Artificial intelligence and machine learning capabilities are only as good as the data they are trained on, fine-tuned with, and operate against at runtime. Organisations frequently invest in AI tooling and model capability while underestimating the foundational requirement: that internal data must be clean, well-catalogued, semantically described, and accessible through reliable interfaces before AI can deliver consistent value. Without this foundation, AI initiatives stall during the data preparation phase, produce unreliable outputs due to inconsistent inputs, or fail to reach production at all. This standard establishes the expectation that data quality, structure, and accessibility are treated as first-class engineering concerns — prerequisites to AI investment rather than afterthoughts.

The organisations that extract the most value from AI are those that treat their internal data as a strategic product. This means building data catalogues that make assets discoverable, defining data contracts between systems so that schemas and quality guarantees are explicit, creating API-accessible data products that AI agents and analytical pipelines can consume reliably, and establishing semantic layers that allow AI models to reason about business concepts rather than raw technical fields. By meeting this standard, engineering and data teams create a compounding asset — a data foundation that not only enables current AI use cases but accelerates future ones, reduces the cost of onboarding new models, and prevents the accumulation of data debt that eventually makes AI initiatives unviable.

Strategic Impact

  • AI and machine learning initiatives reach production faster and with higher confidence because data preparation effort is reduced — teams spend less time cleaning and wrangling data and more time building and validating models that deliver business value.
  • Automation initiatives based on structured, accessible data are more reliable and maintainable, as downstream AI agents and pipelines are insulated from upstream schema changes through versioned data contracts and stable API interfaces.
  • The organisation can reuse data products across multiple AI use cases, reducing duplication of effort and ensuring consistent feature engineering across models, which improves model comparability and reduces the risk of conflicting predictions.
  • Leadership and product teams gain confidence in AI-generated insights because the data lineage is transparent — stakeholders can trace outputs back to source data, understand transformations applied, and validate that models are reasoning from accurate, current information.

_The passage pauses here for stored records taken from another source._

lemma mixS_proj_mem_convex_hull_mixF:
  assumes antitone: "\<And>i j. i \<le> j \<Longrightarrow> h j \<le> h i"
    and S: "(z, x, y) \<in> mixS h p"
  shows "(z, x) \<in> convex hull (mixF h p)"
proof (cases "\<forall>i. y $ i = 0")
  case True
  then have "\<forall>i. x $ i = 1" using S by (auto simp: mixS_def intro: order.antisym)
  then have "(z, x) \<in> mixF h p" using S by (auto simp: mixS_def Xi_def mixF_def)
  then show ?thesis by (rule hull_inc)
next
  case False
  then obtain k where "y $ k \<noteq> 0" by blast
  then have yk: "0 < y $ k" using S by (auto simp: mixS_def Delta_def order_less_le)
  have "h k * y $ k \<le> z * y $ k" using S by (simp add: mixS_def)
  with yk have z: "0 \<le> z" "h k \<le> z" using S by (simp_all add: mixS_def Xi_def)
  have "x $ i = 1" if "i < k" for i
  proof -
    have "(1 - x $ i) * y $ k \<le> 0" using S that by (simp add: mixS_def)
    then have "1 \<le> x $ i" using yk by (simp add: mult_le_0_iff)
    then show ?thesis using S by (simp add: mixS_def Xi_def order.antisym)
  qed
  then have "x \<in> capped_cube p {i. i < k}"
    using S by (auto simp: mixS_def Xi_def capped_cube_def)
  then have "(z, x) \<in> {z} \<times> (convex hull {u \<in> capped_cube p {i. i < k}. \<forall>i. u $ i \<in> {0, 1}})"
    using capped_cube_subset_convex_hull_binary by blast
  also have "\<dots> = convex hull ({z} \<times> {u \<in> capped_cube p {i. i < k}. \<forall>i. u $ i \<in> {0, 1}})"
    by (simp add: convex_hull_Times)
  also have "\<dots> \<subseteq> convex hull (mixF h p)"
  proof (rule hull_mono, safe)
    fix u :: "(real, 'a) vec"
    assume u: "u \<in> capped_cube p {i. i < k}" "\<forall>i. u $ i \<in> {0, 1}"
    have "h i \<le> z" if "u $ i = 0" for i
    proof -
      have "\<not> i < k" using u(1) that by (auto simp: capped_cube_def)
      then show ?thesis using antitone[of k i] z(2) by (simp add: not_less)
    qed
    then show "(z, u) \<in> mixF h p"
      using u z by (auto simp: capped_cube_def mixF_def)
  qed
  finally show ?thesis .
qed

theorem mainTheorem7:
  fixes h :: "'n::{finite,linorder} \<Rightarrow> real" and p :: nat
  assumes "1 \<le> p" and "p \<le> CARD('n)"
    and "\<And>i j. i \<le> j \<Longrightarrow> h j \<le> h i"
    and "\<And>i. 0 \<le> h i"
  shows "convex hull (mixF h p) = (\<lambda>(z, x, y). (z, x)) ` (convex hull (mixS h p))"
proof (rule convex_hull_eq_linear_image_convex_hull)
  show "linear (\<lambda>(z, x, y :: (real, 'n) vec). (z :: real, x :: (real, 'n) vec))"
    by (rule linear_drop_last)
  show "mixF h p \<subseteq> (\<lambda>(z, x, y). (z, x)) ` mixS h p"
  proof (clarify)
    fix z x
    assume "(z, x) \<in> mixF h p"
    then obtain y where "(z, x, y) \<in> mixS h p" by (rule mixF_lift_to_mixS)
    then show "(z, x) \<in> (\<lambda>(z, x, y). (z, x)) ` mixS h p" by force
  qed
  show "(\<lambda>(z, x, y). (z, x)) ` mixS h p \<subseteq> convex hull (mixF h p)"
    using mixS_proj_mem_convex_hull_mixF[OF assms(3)] by auto
qed

end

Risks of Not Having This Standard

  • AI initiatives repeatedly stall in the data preparation and cleaning phase, with teams spending the majority of project time on data discovery and quality remediation rather than on model development or value delivery.
  • Models trained or fine-tuned on poorly structured or inconsistently labelled internal data produce unreliable outputs, eroding stakeholder trust in AI capabilities and making it difficult to secure investment for future initiatives.
  • Fragmented, siloed data stores result in AI models with incomplete views of the business domain, leading to predictions and recommendations that are systematically biased by missing context or unrepresentative training samples.
  • Without data contracts and API-accessible interfaces, AI pipelines are tightly coupled to source system schemas, meaning that routine system changes break production AI workloads and create operational fragility.
  • The organisation accumulates data debt — legacy systems with undocumented schemas, inconsistent naming conventions, and no ownership — that compounds over time and eventually makes certain classes of AI use case technically infeasible without significant remediation investment.

CMMI Maturity Model

Level 1 – Initial

Category Description
People & Culture Data is owned by individual systems or teams with no shared understanding of what data exists, where it lives, or what it represents at an organisational level.
Process & Governance There are no data contracts, data catalogues, or formal processes for managing data quality; AI projects discover data availability and quality issues on a per-project basis.
Technology & Tools Data is accessed directly from source databases or flat files with no abstraction layer, semantic definition, or versioning, making AI integration brittle and labour-intensive.
Measurement & Metrics There is no measurement of data quality, completeness, or accessibility; the extent of data problems is unknown until an AI project is in flight.

Level 2 – Managed

Category Description
People & Culture Individual teams have begun documenting their key data assets and schemas, but there is no cross-organisational catalogue and data discovery still relies heavily on tribal knowledge.
Process & Governance Some high-value data sources have informal quality checks and ownership assigned, but data contracts between systems are not consistently defined or enforced.
Technology & Tools Basic ETL pipelines and data warehouses are in place for reporting purposes, and some data products are queryable via SQL or basic APIs, though these are not designed for AI consumption.
Measurement & Metrics Basic data quality metrics such as null rates and row counts are tracked for some datasets, but there is no standardised framework for assessing fitness-for-purpose for AI use cases.

Level 3 – Defined

Category Description
People & Culture A data product mindset is established, with teams treating data as a deliverable with consumers; data owners are accountable for the quality and accessibility of their domain's data assets.
Process & Governance Data contracts are defined between producing and consuming systems, specifying schema, quality SLAs, and change notification obligations; a central data catalogue is maintained and kept current.
Technology & Tools Data products are exposed through versioned APIs or semantic layers that abstract source system complexity, enabling AI pipelines to consume data without direct coupling to source schemas.
Measurement & Metrics Data quality dimensions — accuracy, completeness, timeliness, and consistency — are measured and reported for all data products designated as AI-ready.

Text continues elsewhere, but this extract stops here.